Parsons, A.E, Connolly, E and Hidalgo A.
The human central nervous system (CNS, ie spinal cord and brain) does not regenerate upon injury or disease, but many animals can regenerate their nervous systems. Injury induces regenerative responses in glial cells across animals, leading to some repair and limited functional recovery. Glial regenerative responses include decreasing lesion size over time, cell debris clearance, regeneration of glial cells and induction of neural stem cells. Remarkably, animals that can regenerate their CNS do so via injury-induced neurogenesis and not from canonical neural stem cells, but frequently from glial cells. In our lab, we had previously reported that crush injury in larvae induced neural stem cell marker expression in glia.

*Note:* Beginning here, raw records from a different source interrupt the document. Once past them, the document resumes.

(* Fix an integer $b>1$. For each positive integer $m$, let $k_m=r+1$, where $r\ge 0$ is the exponent with $b^r\mid m$ and $b^{r+1}\nmid m$. Then, as formal power series in $q$, $$\sum_{n=0}^\infty p(n)q^n \equiv \prod_{m=1}^\infty \left(1+q^m+q^{2m}+\cdots+q^{(b-1)m}\right)^{k_m} \pmod{b},$$ where the congruence means that the coefficients of $q^n$ agree modulo $b$ for every $n$. Equivalently, the number of partitions of $n$ is congruent modulo $b$ to the number of partitions of $n$ in which, for each $m$, parts of size $m$ come in $k_m$ distinct types and each type of part of size $m$ appears at most $b-1$ times.
   Context: $p(n)$ denotes the number of partitions of $n$, with $p(0)=1$. *)

theory Defs
  imports "HOL-Library.Multiset" "HOL-Computational_Algebra.Computational_Algebra" "HOL-Number_Theory.Cong"
begin

definition partitions_of :: "nat \<Rightarrow> nat multiset set" where
  "partitions_of n = {M. (\<forall>x\<in>#M. 0 < x) \<and> sum_mset M = n}"

definition partition_count :: "nat \<Rightarrow> nat" where
  "partition_count n = card (partitions_of n)"

definition kexp :: "nat \<Rightarrow> nat \<Rightarrow> nat" where
  "kexp b m = Suc (GREATEST r. b ^ r dvd m)"

definition geom_factor :: "nat \<Rightarrow> nat \<Rightarrow> int fps" where
  "geom_factor b m = (\<Sum>j<b. fps_X ^ (j * m))"

end

theory Submission
  imports Defs
begin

This neurogenic response involved the NG2 homologue kon-tiki and insulin signalling. However, larvae pupate, preventing the study of regenerative neurogenesis whether it could result in functional, behavioural recovery, over time. The molecular mechanisms of regenerative neurogenesis remain largely unknown.

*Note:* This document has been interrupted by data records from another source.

(* There is an absolute constant $K$ such that the following holds. Let $C\ge1$, let $I$ be an instance of dynamic bin packing with migration delays in which every item has duration at least $1$, run Algorithm 3 (described in the context) on $I$, and let $\tilde I_b$ be the instance of big parts defined in the context. Then $\mathrm{FirstFit}(\tilde I_b)\le K\sqrt{C}\cdot\mathrm{OPT}(I)$.
   Context: Dynamic bin packing with migration delays: bins have capacity $1$; items arrive online at times $a_i\ge0$ with size $s_i\in[0,1]$ and initial duration $d_i>0$ (unknown at arrival). Each migration of an item (moving it to another bin) increases its duration by $C$; the delayed duration is $\tilde d_i=d_i+(\text{number of migrations of } i)\cdot C$ and the item departs at $a_i+\tilde d_i$. A bin is open while nonempty. For an instance $J$, $\mathrm{FirstFit}(J)$ is the total active time $\int_0^\infty(\text{number of open bins at } t)\,dt$ of the FirstFit algorithm on $J$ (each arriving item goes into the earliest-opened open bin with enough remaining capacity, else a new bin; no migrations), and $\mathrm{OPT}(J)=\int_0^\infty\mathrm{OPT}_t\,dt$ with $\mathrm{OPT}_t$ the minimum number of unit bins needed to pack the items of $J$ present at time $t$ (for $I$, using the original durations $d_i$). Algorithm 3: maintain two disjoint pools of bins $I_s$ and $I_b$. Each arriving item is placed into $I_s$ by FirstFit. When an item has been in $I_s$ for exactly $\sqrt{C}$ time, it is migrated into $I_b$ by FirstFit. When an item has been in $I_b$ for exactly $C+\sqrt{C}$ time since its most recent migration, it is migrated into $I_b$ by FirstFit. Big parts: for each item $i$ that Algorithm 3 migrates, at times $t_1<\dots<t_m$ ($m\ge1$), its big parts are items of size $s_i$ with arrival time $t_j$ and duration $t_{j+1}-t_j$ for $j=1,\dots,m-1$, together with a final big part with arrival time $t_m$ and duration $a_i+\tilde d_i-t_m$ (ending when the item departs). $\tilde I_b$ is the instance consisting of all big parts of all items. *)

theory Defs
  imports "HOL-Analysis.Analysis"
begin

text \<open>An item is a triple (arrival time, size, duration).  An instance is a finite
  list of items; item i of instance J is J ! i for i < length J.\<close>

type_synonym item = "real \<times> real \<times> real"

definition arr :: "item \<Rightarrow> real" where "arr it = fst it"
definition sz  :: "item \<Rightarrow> real" where "sz it = fst (snd it)"
definition dur :: "item \<Rightarrow> real" where "dur it = snd (snd it)"

definition valid_instance :: "item list \<Rightarrow> bool" where
  "valid_instance J \<longleftrightarrow> (\<forall>it\<in>set J. 0 \<le> arr it \<and> 0 \<le> sz it \<and> sz it \<le> 1 \<and> 0 < dur it)"

text \<open>Item i is present at time t iff arrival <= t < arrival + duration
  (so at a common time, departures happen before arrivals).\<close>
definition present :: "item list \<Rightarrow> nat \<Rightarrow> real \<Rightarrow> bool" where
  "present J i t \<longleftrightarrow> i < length J \<and> arr (J ! i) \<le> t \<and> t < arr (J ! i) + dur (J ! i)"

text \<open>Items are processed in order of arrival; simultaneous arrivals in list order (sort_key is a stable sort).\<close>
definition ff_order :: "item list \<Rightarrow> nat list" where
  "ff_order J = sort_key (\<lambda>i. arr (J ! i)) [0..<length J]"

text \<open>Bins get identifiers 0,1,2,... in the order in which they are opened.
  State: (assignment item -> bin id, set of already placed items, number of bins opened so far).\<close>
definition bin_load :: "item list \<Rightarrow> nat set \<Rightarrow> (nat \<Rightarrow> nat) \<Rightarrow> nat \<Rightarrow> real \<Rightarrow> real" where
  "bin_load J P asg b t = (\<Sum>j\<in>P. if asg j = b \<and> present J j t then sz (J ! j) else 0)"

definition bin_is_open :: "item list \<Rightarrow> nat set \<Rightarrow> (nat \<Rightarrow> nat) \<Rightarrow> nat \<Rightarrow> real \<Rightarrow> bool" where
  "bin_is_open J P asg b t \<longleftrightarrow> (\<exists>j\<in>P. asg j = b \<and> present J j t)"

fun ff_run :: "item list \<Rightarrow> nat list \<Rightarrow> (nat \<Rightarrow> nat) \<times> nat set \<times> nat \<Rightarrow> (nat \<Rightarrow> nat) \<times> nat set \<times> nat" where
  "ff_run J [] st = st"
| "ff_run J (i # is) (asg, P, n) =
     (let t = arr (J ! i);
          fits = {b. b < n \<and> bin_is_open J P asg b t \<and> bin_load J P asg b t + sz (J ! i) \<le> 1}
      in if fits \<noteq> {} then ff_run J is (asg(i := Min fits), insert i P, n)
         else ff_run J is (asg(i := n), insert i P, Suc n))"

definition ff_assign :: "item list \<Rightarrow> nat \<Rightarrow> nat" where
  "ff_assign J = fst (ff_run J (ff_order J) (\<lambda>_. 0, {}, 0))"

definition ff_open_bins :: "item list \<Rightarrow> real \<Rightarrow> nat" where
  "ff_open_bins J t = card {b. \<exists>i<length J. ff_assign J i = b \<and> present J i t}"

definition FirstFit :: "item list \<Rightarrow> ennreal" where
  "FirstFit J = (\<integral>\<^sup>+ t\<in>{0..}. ennreal (real (ff_open_bins J t)) \<partial>lborel)"

definition OPT_at :: "item list \<Rightarrow> real \<Rightarrow> nat" where
  "OPT_at J t = (LEAST k. \<exists>f :: nat \<Rightarrow> nat.
       (\<forall>i. present J i t \<longrightarrow> f i < k) \<and>
       (\<forall>b<k. (\<Sum>i\<in>{i. present J i t \<and> f i = b}. sz (J ! i)) \<le> 1))"

definition OPT :: "item list \<Rightarrow> ennreal" where
  "OPT J = (\<integral>\<^sup>+ t\<in>{0..}. ennreal (real (OPT_at J t)) \<partial>lborel)"

text \<open>Under Algorithm 3 the migration times of an item do not depend on the packing:
  the (j+1)-th migration (j = 0,1,...) is scheduled at time
  a + sqrt C + j (C + sqrt C) (sqrt C after arrival, then C + sqrt C after each
  migration), and it takes place iff the item is still present then, i.e. iff its
  departure time with the j migrations performed so far, a + d + j C, is later.\<close>
definition mig_time :: "real \<Rightarrow> item \<Rightarrow> nat \<Rightarrow> real" where
  "mig_time C it j = arr it + sqrt C + real j * (C + sqrt C)"

definition num_mig :: "real \<Rightarrow> item \<Rightarrow> nat" where
  "num_mig C it = (LEAST j. \<not> (mig_time C it j < arr it + dur it + real j * C))"

definition alg3_departure :: "real \<Rightarrow> item \<Rightarrow> real" where
  "alg3_departure C it = arr it + dur it + real (num_mig C it) * C"

text \<open>Big parts of one item: for migrations t_1 < ... < t_m (here indices 0..m-1),
  part j arrives at t_j with the item's size and lasts until the next migration,
  the last one until the item departs.\<close>
definition big_parts_item :: "real \<Rightarrow> item \<Rightarrow> item list" where
  "big_parts_item C it =
     map (\<lambda>j. (mig_time C it j, sz it,
               (if Suc j < num_mig C it then mig_time C it (Suc j) else alg3_departure C it)
               - mig_time C it j))
         [0..<num_mig C it]"

definition big_parts :: "real \<Rightarrow> item list \<Rightarrow> item list" where
  "big_parts C I = concat (map (big_parts_item C) I)"

end

theory Submission
  imports Defs
begin

(* Each big part of an item of size s and duration d lasts at most C + sqrt C and lies inside
   the stretched lifetime [a, a + (1 + sqrt C) d), since an item migrated m times satisfies
   m sqrt C < d and hence m C < sqrt C d.  For the same reason the big parts of the item, each
   lengthened by C + sqrt C, have total size-time at most 4 sqrt C s d.

   FirstFit on an instance whose durations are at most D keeps at most 1 + 2 S(t) bins open at
   time t, where S(t) is the total size of the items alive at some time in (t - D, t]: of two
   bins open at t, the later one holds an item that did not fit into the earlier one, whose
   content at that moment consists of items alive then.  Integrating over t bounds FirstFit by
   the length of the busy period plus twice the total size-time after lengthening every item by
   D.  For the big parts (D = C + sqrt C) the busy period is at most (1 + sqrt C) times that of
   I, since stretching intervals by a factor lam >= 1 multiplies the measure of their union by
   at most lam, and OPT(I) dominates both the busy period and the total size-time of I. *)

section \<open>FirstFit as a fold over the arrival order\<close>

definition ff_fits :: "item list \<Rightarrow> nat set \<Rightarrow> (nat \<Rightarrow> nat) \<Rightarrow> nat \<Rightarrow> nat \<Rightarrow> nat set" where
  "ff_fits J P asg n i = {b. b < n \<and> bin_is_open J P asg b (arr (J ! i))
                              \<and> bin_load J P asg b (arr (J ! i)) + sz (J ! i) \<le> 1}"

definition ff_choice :: "item list \<Rightarrow> nat set \<Rightarrow> (nat \<Rightarrow> nat) \<Rightarrow> nat \<Rightarrow> nat \<Rightarrow> nat" where
  "ff_choice J P asg n i = (if ff_fits J P asg n i \<noteq> {} then Min (ff_fits J P asg n i) else n)"

definition ff_step :: "item list \<Rightarrow> nat \<Rightarrow> (nat \<Rightarrow> nat) \<times> nat set \<times> nat \<Rightarrow> (nat \<Rightarrow> nat) \<times> nat set \<times> nat" where
  "ff_step J i = (\<lambda>(asg, P, n). (asg(i := ff_choice J P asg n i), insert i P,
                                 if ff_fits J P asg n i \<noteq> {} then n else Suc n))"

lemma ff_run_Cons: "ff_run J (x # xs) st = ff_run J xs (ff_step J x st)"
proof -
  obtain asg P n where st: "st = (asg, P, n)" by (cases st)
  show ?thesis
    unfolding st ff_run.simps Let_def ff_fits_def[symmetric] by (simp add: ff_step_def ff_choice_def)
qed

lemma ff_run_eq_fold: "ff_run J xs st = fold (ff_step J) xs st"
  by (induction xs arbitrary: st) (simp_all add: ff_run_Cons)

lemma finite_ff_fits: "finite (ff_fits J P asg n i)"
  by (rule finite_subset[of _ "{..<n}"]) (auto simp: ff_fits_def)

lemma ff_choice_less:
  "ff_fits J P asg n i \<noteq> {} \<Longrightarrow> ff_choice J P asg n i < n"
  "ff_fits J P asg n i \<noteq> {} \<Longrightarrow> ff_choice J P asg n i \<in> ff_fits J P asg n i"
  using Min_in[OF finite_ff_fits] by (auto simp: ff_choice_def ff_fits_def)

lemma ff_choice_le: "ff_choice J P asg n i \<le> n"
  using ff_choice_less(1) by (cases "ff_fits J P asg n i = {}") (auto simp: ff_choice_def less_imp_le)

lemma ff_choice_cong:
  assumes "\<forall>j\<in>P. asg j = asg' j"
  shows "ff_choice J P asg n i = ff_choice J P asg' n i"
proof -
  have "bin_is_open J P asg = bin_is_open J P asg'" "bin_load J P asg = bin_load J P asg'"
    using assms by (auto intro!: ext sum.cong simp: bin_is_open_def bin_load_def)
  then show ?thesis unfolding ff_choice_def ff_fits_def by (simp only:)
qed

lemma fold_ff_step_placed: "fst (snd (fold (ff_step J) xs st)) = fst (snd st) \<union> set xs"
  by (induction xs arbitrary: st) (auto simp: ff_step_def split: prod.splits)

lemma ff_step_nbins_mono: "snd (snd st) \<le> snd (snd (ff_step J x st))"
  by (auto simp: ff_step_def split: prod.splits)

lemma fold_ff_step_nbins_mono: "snd (snd st) \<le> snd (snd (fold (ff_step J) xs st))"
proof (induction xs arbitrary: st)
  case (Cons x xs)
  then show ?case
    using ff_step_nbins_mono[of st J x] by (simp add: order_trans)
qed simp

lemma fold_ff_step_keeps: "j \<notin> set xs \<Longrightarrow> fst (fold (ff_step J) xs st) j = fst st j"
  by (induction xs arbitrary: st) (auto simp: ff_step_def split: prod.splits)

definition ff_state :: "item list \<Rightarrow> nat \<Rightarrow> (nat \<Rightarrow> nat) \<times> nat set \<times> nat" where
  "ff_state J k = fold (ff_step J) (take k (ff_order J)) (\<lambda>_. 0, {}, 0)"

definition ff_placed :: "item list \<Rightarrow> nat \<Rightarrow> nat set" where
  "ff_placed J k = fst (snd (ff_state J k))"

definition ff_nbins :: "item list \<Rightarrow> nat \<Rightarrow> nat" where
  "ff_nbins J k = snd (snd (ff_state J k))"

lemma set_ff_order: "set (ff_order J) = {..<length J}"
  by (auto simp: ff_order_def)

lemma length_ff_order [simp]: "length (ff_order J) = length J"
  by (simp add: ff_order_def)

lemma distinct_ff_order: "distinct (ff_order J)"
  by (simp add: ff_order_def)

lemma ff_order_arr_mono:
  "k \<le> k' \<Longrightarrow> k' < length J \<Longrightarrow> arr (J ! (ff_order J ! k)) \<le> arr (J ! (ff_order J ! k'))"
  using sorted_nth_mono[of "map (\<lambda>i. arr (J ! i)) (ff_order J)" k k']
  by (simp add: ff_order_def sorted_sort_key)

lemma ff_order_surj: "i < length J \<Longrightarrow> \<exists>k<length J. i = ff_order J ! k"
  using set_ff_order[of J] by (metis in_set_conv_nth length_ff_order lessThan_iff)

lemma ff_placed_eq: "ff_placed J k = set (take k (ff_order J))"
  by (simp add: ff_placed_def ff_state_def fold_ff_step_placed)

lemma ff_order_nth_placed: "k' < k \<Longrightarrow> k' < length J \<Longrightarrow> ff_order J ! k' \<in> ff_placed J k"
  using nth_mem[of k' "take k (ff_order J)"] by (simp add: ff_placed_eq)

lemma ff_placed_subset: "ff_placed J k \<subseteq> {..<length J}"
  using set_ff_order[of J] by (auto simp: ff_placed_eq dest: in_set_takeD)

My project aims to discover molecular mechanisms of injury-induced neurogenesis in adult fruit-flies. To investigate this and test whether normal behaviour can be restored after injury, a crush injury method was previously established in adult Drosophila by Losada-Perez et al (2021, Disease Models & Mechanisms), a previous post-doc in our lab. Building on this, I have improved the method to be able to identify, track and record over time individual flies. I have colour-marked each individual fly after injury to link behaviour with the cellular progression of the lesion over time. Fly-survival was quantified over time and fly locomotion filmed by quantifying phenotypes manually and using FlyTracker. Overall, 50% of the flies survived injury by day 1 and 14% by day 7. Remarkably, locomotion of some flies improved over time. I am currently analysing how cell biology relates to locomotion recovery. This method will next enable us to discover and test molecular mechanisms of CNS regeneration in Drosophila. Thank you to MIBTP BBSRC for my funding.